05/25/2011 12:15 pm ET

To Bring Troops Home, Change Master Narrative From "Surge" To "Civil War"

Media pundits take note: the big scoop coming out of President Bush's speech, last night, is not what he said, but what he was very, very careful not to say. Desperate to find a way out of the White House without taking Iraq with him, Bush avoided the only two words powerful enough to change the Iraq debate for good and convince the American public to bring our troops home right away:

civil war

While there is no "magic phrase" that will suddenly convince President Bush to stop holding the U.S. military hostage to his failed policy, "civil war" is as close as it gets. Why? The key is to see that "civil war" not only describe the reality in Iraq--the truth about what is happening on the ground--but it also provides a new master narrative: a story so powerful and clear that it finally sweeps away the cynical story Bush has used for over five years to spin the occupation of Iraq. Unless there is a new master narrative--Bush's story will control the debate and keep our soldiers trapped in Iraq. The key to bringing our troops home is not just to use the phrase "civil war," but to bring it up to the headlines and keep it there until every American soldier has come home safely to his or her family.

One Year Ago: "Civil War" Dominated The Headlines

The White House effort to make sure the "civil war" narrative did not take over the Iraq debate took shape in 2006 when the U.S. policy in Iraq was still being run by Donald Rumsfeld and Peter Pace. On August 3, 2006, Rumsfeld, Pace and Bush's other top man in Iraq, General John Abizaid, came to Congress to testify about the situation. As apparent in this CBS article describing the testimony, the phrase "civil war" took over the proceeding:

"Iraq could move toward civil war" if the violence is not contained,
Gen.

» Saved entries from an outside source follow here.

(* Let $X$ and $Y$ be sup-lattices. Then $(X,Y)$ is a Morita pair between some m-regular quantales (i.e. there exist m-regular quantales $A$, $B$ and pairings making $(A,B,X,Y,(-,-),[-,-])$ a Morita context) if and only if there exist surjective sup-preserving maps $p: X\otimes Y\otimes X\to X$ and $q: Y\otimes X\otimes Y\to Y$ such that, for all $x_1,x_2,x_3\in X$ and $y_1,y_2,y_3\in Y$: 1. $p(p(x_1\otimes y_1\otimes x_2)\otimes y_2\otimes x_3)=p(x_1\otimes q(y_1\otimes x_2\otimes y_2)\otimes x_3)=p(x_1\otimes y_1\otimes p(x_2\otimes y_2\otimes x_3))$; 2. $q(q(y_1\otimes x_1\otimes y_2)\otimes x_2\otimes y_3)=q(y_1\otimes p(x_1\otimes y_2\otimes x_2)\otimes y_3)=q(y_1\otimes x_1\otimes q(y_2\otimes x_2\otimes y_3))$; 3. if $p(u\otimes v\otimes x_1)=p(u\otimes v\otimes x_2)$ for all $u\in X$, $v\in Y$, then $x_1=x_2$; 4. if $p(x_1\otimes v\otimes u)=p(x_2\otimes v\otimes u)$ for all $u\in X$, $v\in Y$, then $x_1=x_2$; 5. if $q(v\otimes u\otimes y_1)=q(v\otimes u\otimes y_2)$ for all $v\in Y$, $u\in X$, then $y_1=y_2$; 6. if $q(y_1\otimes u\otimes v)=q(y_2\otimes u\otimes v)$ for all $u\in X$, $v\in Y$, then $y_1=y_2$.
   Context: A sup-lattice is a complete lattice; sup-preserving maps preserve arbitrary joins. $\otimes$ denotes the tensor product in the category of sup-lattices (the universal sup-lattice for maps preserving arbitrary joins in each variable separately; it is join-generated by the elementary tensors). A quantale is a sup-lattice $A$ with an associative multiplication distributing over arbitrary joins on both sides. A right $A$-module is a sup-lattice $M$ with an action $M\times A\to M$ satisfying $m\cdot(a\cdot b)=(m\cdot a)\cdot b$ and preserving arbitrary joins in each variable; left modules are defined dually. A right $A$-module $M$ is essential if every element of $M$ is a join of elements $m\cdot a$, separated if ($m\cdot a=n\cdot a$ for all $a\in A$) implies $m=n$, and m-regular if it is both essential and separated; dually for left modules. An (m-regular) $A,B$-bimodule is a sup-lattice that is an (m-regular) left $A$-module and an (m-regular) right $B$-module with commuting actions. A quantale $A$ is m-regular if it is m-regular as an $A,A$-bimodule over itself. A Morita context between m-regular quantales $A$ and $B$ is a 6-tuple $(A,B,X,Y,(-,-),[-,-])$ where $X$ is an m-regular $A,B$-bimodule, $Y$ is an m-regular $B,A$-bimodule, and $(-,-):X\times Y\to A$, $[-,-]:Y\times X\to B$ are bimodule maps (preserving joins in each variable and compatible with the outer actions) satisfying $(x\cdot b,y)=(x,b\cdot y)$, $[y\cdot a,x]=[y,a\cdot x]$, $(x_1,y)\cdot x_2=x_1\cdot[y,x_2]$, $[y_1,x]\cdot y_2=y_1\cdot(x,y_2)$ for all $x,x_i\in X$, $y,y_i\in Y$, $a\in A$, $b\in B$, and such that the induced sup-preserving maps $X\otimes Y\to A$ and $Y\otimes X\to B$ are surjective. The pair $(X,Y)$ is then called a Morita pair. *)

theory Defs
  imports Main
begin

record 'a slat =
  carrier :: "'a set"
  le :: "'a \<Rightarrow> 'a \<Rightarrow> bool"

definition is_lub :: "('a, 'e) slat_scheme \<Rightarrow> 'a set \<Rightarrow> 'a \<Rightarrow> bool" where
  "is_lub L S s \<longleftrightarrow> s \<in> carrier L \<and> (\<forall>x\<in>S. le L x s) \<and>
     (\<forall>z\<in>carrier L. (\<forall>x\<in>S. le L x z) \<longrightarrow> le L s z)"

definition lub :: "('a, 'e) slat_scheme \<Rightarrow> 'a set \<Rightarrow> 'a" where
  "lub L S = (THE s. is_lub L S s)"

definition sup_lattice :: "('a, 'e) slat_scheme \<Rightarrow> bool" where
  "sup_lattice L \<longleftrightarrow>
     (\<forall>x\<in>carrier L. le L x x) \<and>
     (\<forall>x\<in>carrier L. \<forall>y\<in>carrier L. le L x y \<longrightarrow> le L y x \<longrightarrow> x = y) \<and>
     (\<forall>x\<in>carrier L. \<forall>y\<in>carrier L. \<forall>z\<in>carrier L. le L x y \<longrightarrow> le L y z \<longrightarrow> le L x z) \<and>
     (\<forall>S. S \<subseteq> carrier L \<longrightarrow> (\<exists>s. is_lub L S s))"

definition sup_preserving ::
  "('a, 'e) slat_scheme \<Rightarrow> ('b, 'f) slat_scheme \<Rightarrow> ('a \<Rightarrow> 'b) \<Rightarrow> bool" where
  "sup_preserving L M f \<longleftrightarrow>
     (\<forall>x\<in>carrier L. f x \<in> carrier M) \<and>
     (\<forall>S. S \<subseteq> carrier L \<longrightarrow> f (lub L S) = lub M (f ` S))"

definition tlat :: "'a::complete_lattice slat" where
  "tlat = \<lparr>carrier = UNIV, le = (\<le>)\<rparr>"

John Abizaid, the top U.S. commander in the Middle East, told the
Senate Armed Services Committee.

"I believe that the sectarian violence is probably as bad as I have seen it," he said, adding that the top priority in Iraq is to secure the capital, where factional violence has surged in recent weeks despite efforts by the new Iraqi government to stop the fighting.

Gen. Peter Pace, chairman of the Joint Chiefs of Staff, told the panel, "We do have the possibility of that devolving into civil war." He added that this need not happen and stressed that ultimately it depends on the Iraqis more than on the U.S. military.

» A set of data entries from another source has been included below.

lemma subtree_has_top:
  assumes "is_subtree V E S"
  shows "\<exists>t. is_top S t"
proof -
  have S: "S \<subseteq> V" "S \<noteq> {}"
    and walks: "\<forall>u\<in>S. \<forall>v\<in>S. (\<lambda>a b. {a, b} \<in> E \<and> a \<in> S \<and> b \<in> S)\<^sup>*\<^sup>* u v"
    using assms unfolding is_subtree_def by auto
  obtain t where t: "t \<in> S" and lowest: "\<And>y. y \<in> S \<Longrightarrow> depth t \<le> depth y"
    using ex_has_least_nat[of "\<lambda>x. x \<in> S" _ depth] S(2) by blast
  have "ancestor t x \<and> segment t x \<subseteq> S" if x: "x \<in> S" for x
  proof -
    obtain m where m: "ancestor m t" "ancestor m x" "segment m t \<subseteq> S" "segment m x \<subseteq> S"
      using walk_has_common_ancestor[OF S(1) t walks[rule_format, OF t x]] by blast
    then have "m \<in> S" unfolding segment_def by auto
    then have "m = t"
      using depth_less_if_proper_ancestor[OF _ m(1)] lowest[of m] t S(1) by force
    then show ?thesis using m by simp
  qed
  then show ?thesis using t unfolding is_top_def by blast
qed

definition comparable :: "'a \<Rightarrow> 'a \<Rightarrow> bool" where
  "comparable a b \<longleftrightarrow> ancestor a b \<or> ancestor b a"

lemma is_topD:
  assumes "is_top S t"
  shows "t \<in> S" and "x \<in> S \<Longrightarrow> ancestor t x"
    and "x \<in> S \<Longrightarrow> ancestor t z \<Longrightarrow> ancestor z x \<Longrightarrow> z \<in> S"
  using assms unfolding is_top_def segment_def by blast+

lemma incomparable_tops_disjoint:
  assumes "is_top A a" and "is_top B b" and "\<not> comparable a b"
  shows "A \<inter> B = {}"
  using assms ancestors_linear is_topD(2) unfolding comparable_def by blast

lemma comparability_graph_nested_tops:
  assumes tops: "\<forall>i\<in>I. is_top (S i) (T i)" and "\<forall>i\<in>I. S i \<subseteq> V"
  shows "comparability_graph I (pair_edges I (\<lambda>i j. S i \<inter> S j = {} \<and> comparable (T i) (T j)))"
proof -
  define R where "R = {(i, j). i \<in> I \<and> j \<in> I \<and> S i \<inter> S j = {} \<and> ancestor (T i) (T j)}"
  have "R \<subseteq> I \<times> I" unfolding R_def by blast
  moreover have "asym R"
  proof (rule asymI, rule notI)
    fix i j assume "(i, j) \<in> R" "(j, i) \<in> R"
    then have ij: "i \<in> I" "j \<in> I" "S i \<inter> S j = {}" "ancestor (T i) (T j)" "ancestor (T j) (T i)"
      unfolding R_def by auto
    have "T i \<in> S i" "T j \<in> S j" using tops ij(1,2) is_topD(1) by auto
    moreover have "T i = T j" using ancestor_antisym ij(4,5) \<open>T j \<in> S j\<close> assms(2) ij(2) by blast
    ultimately show False using ij(3) by auto
  qed
  moreover have "trans R"
  proof (rule transI)
    fix i j k assume ij: "(i, j) \<in> R" and jk: "(j, k) \<in> R"
    have "S i \<inter> S k = {}"
    proof (rule ccontr)
      assume "S i \<inter> S k \<noteq> {}"
      then obtain x where x: "x \<in> S i" "x \<in> S k" by blast
      have "ancestor (T k) x" using is_topD(2) tops jk x(2) unfolding R_def by blast
      then have "ancestor (T j) x" using ancestor_trans jk unfolding R_def by blast
      then have "T j \<in> S i" using is_topD(3) tops ij x(1) unfolding R_def by blast
      moreover have "T j \<in> S j" using is_topD(1) tops ij unfolding R_def by blast
      ultimately show False using ij unfolding R_def by blast
    qed
    then show "(i, k) \<in> R" using ij jk ancestor_trans unfolding R_def by blast
  qed
  ultimately show ?thesis
    by (rule comparability_graph_pair_edges) (auto simp: R_def comparable_def Int_commute)
qed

"Shiite and Sunni are going to have to love their children more
than they hate each other," Pace said, before the tensions can be
overcome. "The weight of that must be on the Iraqi people and the Iraqi
government."

The statements by Abizaid and Pace must have struck like a silver stake in the heart of the White House. White House press secretary Tony Snow did his best to dodge and parry, but it was too late--the "civil war" phrase was taking over the Iraq debate:

Q Does the President agree with General Abizaid's assessment today,
that Iraq is in danger of civil war because of the recent sectarian
violence?

MR. SNOW: I think what he said -- I think he specifically avoided
"civil war." I think he said he was worried about sectarian violence,
and also reiterated something we've talked about on a number of
occasions, which is the importance of security Baghdad -- which is why,
pursuant to General Casey's recommendations, you're going to see a
little more of a troop presence in Baghdad, to try to suppress some of
those. Obviously, sectarian violence is a concern.

Q I think he did say that he thought civil war was a possibility.

MR. SNOW: Okay. Well, I don't think the President is going to quibble with his generals on their characterizations. I think the more important thing that General Abizaid -- at least based on what I saw -- was saying that, again, it's very important that we go ahead and go in and secure Baghdad as one of the key things, because that is where people are tying to create broader sectarian strife with pretty largeand visible acts of violence.

(White House Press gaggle, Aug 3, 2006)

Snow's dodge was not very effective against Abizaid's powerful phrase "civil war." The story that new phrase told was so convincing that even the mainstream media could see it. More importantly, Abizaid's use of "civil war" made it very clear to the American public why it was wrong to keep U.S. troops in Iraq so much as one day longer. Here was a stone-faced top U.S. general--a general fluent in Arabic--telling us in plain language that U.S. troops could not help Iraqis build a democracy because the Iraqis refused to stop killing each other.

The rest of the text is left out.